Contract Categories: Human Resources - Consulting Agreements
EX-10.1 2 acrs-20230323xex10d1.htm EX-10.1

Exhibit 10.1

AMENDMENT NO. 1

TO

CONSULTING SERVICES AGREEMENT

This Amendment No. 1 (this “Amendment”), is made and entered into as of March 23, 2023, by and between Aclaris Therapeutics, Inc., a Delaware corporation (the “Company”) and Frank Ruffo (“Consultant”).

WHEREAS, the Company and Consultant entered into that certain Consulting Services Agreement, dated as of January 1, 2023 (the “Agreement”), and desire to extend the term of the Agreement and modify Consultant’s compensation.

NOW THEREFORE, in consideration of the mutual promises set forth herein, and intending to be legally bound hereby, the parties hereby agree as follows:

1.Defined Terms.  Capitalized terms used but not defined herein shall have the meanings set forth in the Agreement.
2.Compensation. Sections 1.2.1 and 1.2.2 shall be deleted in their entirety and replaced with the following effective as of March 3, 2023:

“1.2.1. In consideration of Consultant’s performance of the Services, the Company shall pay Consultant $12,500 per month (“Consulting Fee”) during the term of this Agreement.”

“1.2.2. Consultant agrees that his last day of Continuous Service (as defined in the Company’s 2015 Equity Incentive Plan) was March 2, 2023, and no outstanding equity awards will vest thereafter.”

3.Term. Section 5.1 of the Agreement is hereby deleted in its entirety and replaced with the following effective as of March 3, 2023:

Term.  Unless terminated earlier pursuant to Section 5.2 or 5.3, the term of this Agreement shall be from March 3, 2023 through June 30, 2023.”

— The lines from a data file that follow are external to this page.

lemma shadowed_if_initial_segments_shadowed:
  fixes X :: "'a::metric_space set"
  assumes "compact X" "continuous_on X f" "f ` X \<subseteq> X"
    and segments: "\<And>N. \<exists>x\<in>X. \<forall>i<N. dist (\<xi> i) ((f ^^ i) x) \<le> \<epsilon>"
  shows "\<exists>x\<in>X. \<forall>i. dist (\<xi> i) ((f ^^ i) x) \<le> \<epsilon>"
proof -
  obtain x where x: "\<And>N. x N \<in> X" "\<And>N i. i < N \<Longrightarrow> dist (\<xi> i) ((f ^^ i) (x N)) \<le> \<epsilon>"
    using segments by metis
  obtain l r where "l \<in> X" "strict_mono r" and lim: "(x \<circ> r) \<longlonglongrightarrow> l"
    using compact_imp_seq_compact[OF assms(1)] x(1) unfolding seq_compact_def by blast
  have "dist (\<xi> i) ((f ^^ i) l) \<le> \<epsilon>" for i
  proof (rule LIMSEQ_le_const2)
    show "(\<lambda>n. dist (\<xi> i) ((f ^^ i) ((x \<circ> r) n))) \<longlonglongrightarrow> dist (\<xi> i) ((f ^^ i) l)"
      using continuous_on_tendsto_compose[OF continuous_on_funpow[OF assms(2,3)] lim \<open>l \<in> X\<close>] x(1)
      by (intro tendsto_intros) auto
    show "\<exists>N. \<forall>n\<ge>N. dist (\<xi> i) ((f ^^ i) ((x \<circ> r) n)) \<le> \<epsilon>"
      using x(2) seq_suble[OF \<open>strict_mono r\<close>] by (intro exI[of _ "Suc i"]) (simp add: Suc_le_eq order_less_le_trans)
  qed
  with \<open>l \<in> X\<close> show ?thesis by blast
qed

lemma not_shadowing_aroundE:
  assumes "\<not> shadowing_around X f S"
  obtains \<epsilon> where "\<epsilon> > 0" "\<forall>\<eta>>0. \<exists>\<xi>. pseudo_orbit f \<eta> \<xi> \<and> range \<xi> \<subseteq> S \<and>
      \<not> (\<exists>x\<in>X. \<forall>i. dist (\<xi> i) ((f ^^ i) x) \<le> \<epsilon>)"
  using assms unfolding shadowing_around_def by (metis not_le)

lemma nonshadowed_chain_loop:
  fixes X S :: "'a::metric_space set"
  assumes "compact X" "continuous_on X f" "f ` X \<subseteq> X" "compact S" "S \<subseteq> X"
    and recurrent: "\<forall>x\<in>S. \<forall>\<delta>>0. chain_reach S f \<delta> x x"
    and not_shadowed: "\<forall>\<eta>>0. \<exists>\<xi>. pseudo_orbit f \<eta> \<xi> \<and> range \<xi> \<subseteq> S \<and>
                         \<not> (\<exists>x\<in>X. \<forall>i. dist (\<xi> i) ((f ^^ i) x) \<le> \<epsilon>)"
    and "\<delta> > 0"
  obtains k c where "k \<ge> 1" "is_chain S f \<delta> k c" "c k = c 0"
    "\<forall>x\<in>X. \<exists>i<k. \<epsilon> < dist (c i) ((f ^^ i) x)"
proof -
  obtain \<eta> where "\<eta> > 0" "\<eta> \<le> \<delta>"
    and reverse: "\<And>x y. chain_reach S f \<eta> x y \<Longrightarrow> chain_reach S f \<delta> y x"
    using chain_reach_reverse[OF assms(4) continuous_on_subset[OF assms(2,5)] recurrent \<open>\<delta> > 0\<close>]
    by blast
  obtain \<xi> where \<xi>: "pseudo_orbit f \<eta> \<xi>" "range \<xi> \<subseteq> S"
    and "\<not> (\<exists>x\<in>X. \<forall>i. dist (\<xi> i) ((f ^^ i) x) \<le> \<epsilon>)"
    using not_shadowed \<open>\<eta> > 0\<close> by blast
  then have "\<not> (\<forall>N. \<exists>x\<in>X. \<forall>i<N. dist (\<xi> i) ((f ^^ i) x) \<le> \<epsilon>)"
    using shadowed_if_initial_segments_shadowed[OF assms(1-3)] by blast
  then obtain N where N: "\<forall>x\<in>X. \<exists>i<N. \<epsilon> < dist (\<xi> i) ((f ^^ i) x)"
    by (auto simp: not_le)
  have "is_chain S f \<eta> (Suc N) \<xi>" "is_chain S f \<delta> (Suc N) \<xi>"
    using \<xi> \<open>\<eta> \<le> \<delta>\<close> by (auto simp: is_chain_def pseudo_orbit_def intro: order_trans)
  then have "chain_reach S f \<delta> (\<xi> (Suc N)) (\<xi> 0)"
    by (intro reverse) (auto simp: chain_reach_def)
  then obtain m d where d: "m \<ge> 1" "is_chain S f \<delta> m d" "d 0 = \<xi> (Suc N)" "d m = \<xi> 0"
    unfolding chain_reach_def by blast
  let ?c = "\<lambda>i. if i \<le> Suc N then \<xi> i else d (i - Suc N)"
  show ?thesis
  proof
    show "is_chain S f \<delta> (Suc N + m) ?c"
      using is_chain_append[OF \<open>is_chain S f \<delta> (Suc N) \<xi>\<close> d(2)] d(3) by simp
    show "?c (Suc N + m) = ?c 0" using d(1,4) by simp
    show "\<forall>x\<in>X. \<exists>i<Suc N + m. \<epsilon> < dist (?c i) ((f ^^ i) x)"
    proof
      fix x assume "x \<in> X"
      then obtain i where "i < N" "\<epsilon> < dist (\<xi> i) ((f ^^ i) x)" using N by blast
      then show "\<exists>i<Suc N + m. \<epsilon> < dist (?c i) ((f ^^ i) x)" by (intro exI[of _ i]) simp
    qed
  qed simp
qed
text \<open>A maximal 4\<rho>-separated subset of G, moved by less than \<rho> into E, is the set of
  centres of a \<rho>-packing of E.\<close>
lemma cover_num_mult_powr_le_packing_pre_delta:
  fixes G E :: "'a::metric_space set"
  assumes G: "compact G" "G \<subseteq> closure E" and \<rho>: "0 < \<rho>" "\<rho> \<le> \<delta>"
  shows "ennreal (real (cover_num G (8*\<rho>)) * (2*\<rho>) powr s) \<le> packing_pre_delta s \<delta> E"
proof -
  have "0 < 4*\<rho>" using \<rho> by simp
  obtain Y where Y: "Y \<subseteq> G" "finite Y" "\<forall>x\<in>Y. \<forall>y\<in>Y. x \<noteq> y \<longrightarrow> 4*\<rho> < dist x y"
      "cover_num G (2*(4*\<rho>)) \<le> card Y"
    using cover_num_le_card_separated[OF G(1) \<open>0 < 4*\<rho>\<close>] by blast
  have "\<forall>y\<in>Y. \<exists>z\<in>E. dist z y < \<rho>"
  proof
    fix y assume "y \<in> Y"
    then have "y \<in> closure E" using Y(1) G(2) by blast
    then show "\<exists>z\<in>E. dist z y < \<rho>" using \<rho>(1) unfolding closure_approachable by blast
  qed
  then obtain z where z: "\<And>y. y \<in> Y \<Longrightarrow> z y \<in> E \<and> dist (z y) y < \<rho>" by metis
  have far: "2*\<rho> < dist (z x) (z y)" if xy: "x \<in> Y" "y \<in> Y" "x \<noteq> y" for x y
  proof -
    have "4*\<rho> < dist x y" using Y(3) xy by blast
    moreover have "dist x y \<le> dist x (z x) + dist (z x) (z y) + dist (z y) y"
      using dist_triangle[of x y "z x"] dist_triangle[of "z x" y "z y"] by linarith
    moreover have "dist x (z x) < \<rho>" "dist (z y) y < \<rho>" using z xy by (auto simp: dist_commute)
    ultimately show ?thesis by linarith
  qed
  have inj: "inj_on z Y"
  proof (rule inj_onI, rule ccontr)
    fix x y assume xy: "x \<in> Y" "y \<in> Y" "z x = z y" "x \<noteq> y"
    have "2*\<rho> < dist (z x) (z y)" by (rule far[OF xy(1,2,4)])
    then show False using xy(3) \<rho>(1) by simp
  qed
  have "ennreal (real (cover_num G (8*\<rho>)) * (2*\<rho>) powr s) \<le> ennreal (real (card (z ` Y)) * (2*\<rho>) powr s)"
    using Y(4) card_image[OF inj] by (intro ennreal_leI mult_right_mono) simp_all
  also have "\<dots> \<le> packing_pre_delta s \<delta> E"
  proof (rule card_mult_powr_le_packing_pre_delta[OF _ _ _ \<rho>])
    show "finite (z ` Y)" using Y(2) by simp
    show "z ` Y \<subseteq> E" using z by auto
    fix u v assume "u \<in> z ` Y" "v \<in> z ` Y" "u \<noteq> v"
    then obtain x y where "x \<in> Y" "y \<in> Y" "x \<noteq> y" "u = z x" "v = z y" by blast
    then show "2*\<rho> < dist u v" using far by blast
  qed
  finally show ?thesis .
qed
lemma corner_ratio_image:
  assumes "(min_index :: 'n::{finite,wellorder}) < max_index"
  shows "corner_ratio ` (upper_triangular_group :: 'n sqmat set) = - {0}"
proof
  show "corner_ratio ` upper_triangular_group \<subseteq> - {0 :: real}"
    by (auto simp: corner_ratio_def upper_triangular_group_diag_nonzero)
  show "- {0} \<subseteq> corner_ratio ` (upper_triangular_group :: 'n sqmat set)"
  proof
    fix r :: real
    assume "r \<in> - {0}"
    then have "dilation min_index r \<in> (upper_triangular_group :: 'n sqmat set)"
      by (simp add: dilation_in_upper_triangular_group)
    moreover have "corner_ratio (dilation min_index r :: 'n sqmat) = r"
      using assms by (simp add: corner_ratio_def)
    ultimately show "r \<in> corner_ratio ` (upper_triangular_group :: 'n sqmat set)"
      by (metis image_eqI)
  qed
qed

lemma upper_triangular_mult_corner_transvection:
  assumes "upper_triangular A" "A $ max_index $ max_index \<noteq> 0"
  shows "A ** transvection min_index max_index t
    = transvection min_index max_index (corner_ratio A * t) ** A"
proof -
  have "A $ max_index $ l = 0" if "l \<noteq> max_index" for l
    using assms(1) le_max_index[of l] that by (auto simp: upper_triangular_def)
  moreover have "A $ k $ min_index = 0" if "k \<noteq> min_index" for k
    using assms(1) min_index_le[of k] that by (auto simp: upper_triangular_def)
  ultimately show ?thesis
    using assms(2)
    by (auto simp: matrix_mul_transvection transvection_matrix_mul vec_eq_iff corner_ratio_def)
qed

text \<open>The element c with a b = b a c is the commutator a\<inverse> b\<inverse> a b; the inverse-free form
  makes sense for any set of matrices.\<close>
definition commutator_set :: "('n::finite) sqmat set \<Rightarrow> 'n sqmat set" where
  "commutator_set G = {c \<in> G. \<exists>a\<in>G. \<exists>b\<in>G. a ** b = b ** a ** c}"

definition center_of :: "('n::finite) sqmat set \<Rightarrow> 'n sqmat set" where
  "center_of S = {x \<in> S. \<forall>c\<in>S. x ** c = c ** x}"

lemma commutator_set_subset: "commutator_set G \<subseteq> G"
  by (auto simp: commutator_set_def)

lemma multiplicative_image_commutator_set:
  assumes closed: "\<And>x y. x \<in> G \<Longrightarrow> y \<in> G \<Longrightarrow> x ** y \<in> G"
    and maps: "\<phi> ` G \<subseteq> G"
    and mult: "\<And>x y. x \<in> G \<Longrightarrow> y \<in> G \<Longrightarrow> \<phi> (x ** y) = \<phi> x ** \<phi> y"
  shows "\<phi> ` commutator_set G \<subseteq> commutator_set G"
proof
  fix d
  assume "d \<in> \<phi> ` commutator_set G"
  then obtain a b c where abc: "a \<in> G" "b \<in> G" "c \<in> G" "a ** b = b ** a ** c" and d: "d = \<phi> c"
    by (auto simp: commutator_set_def)
  have "\<phi> a ** \<phi> b = \<phi> (b ** a ** c)"
    using abc(1,2,4) mult by metis
  also have "\<dots> = \<phi> b ** \<phi> a ** d"
    using abc by (simp add: mult closed d)
  finally show "d \<in> commutator_set G"
    using abc d maps unfolding commutator_set_def by blast
qed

4.Miscellaneous.  The parties agree that the Agreement is hereby revived, ratified, and confirmed as amended herein. This Amendment and the Agreement constitute the entire understanding of the parties with respect to the subject matter hereof and supersede any prior understanding, oral or written, that may exist between the parties with respect to the subject matter hereof.  Except as specifically amended hereby, no other changes are made to the Agreement and all other terms and conditions of the Agreement shall remain in full force and effect. In the event of any conflict between the Agreement and this Amendment, the Amendment shall prevail.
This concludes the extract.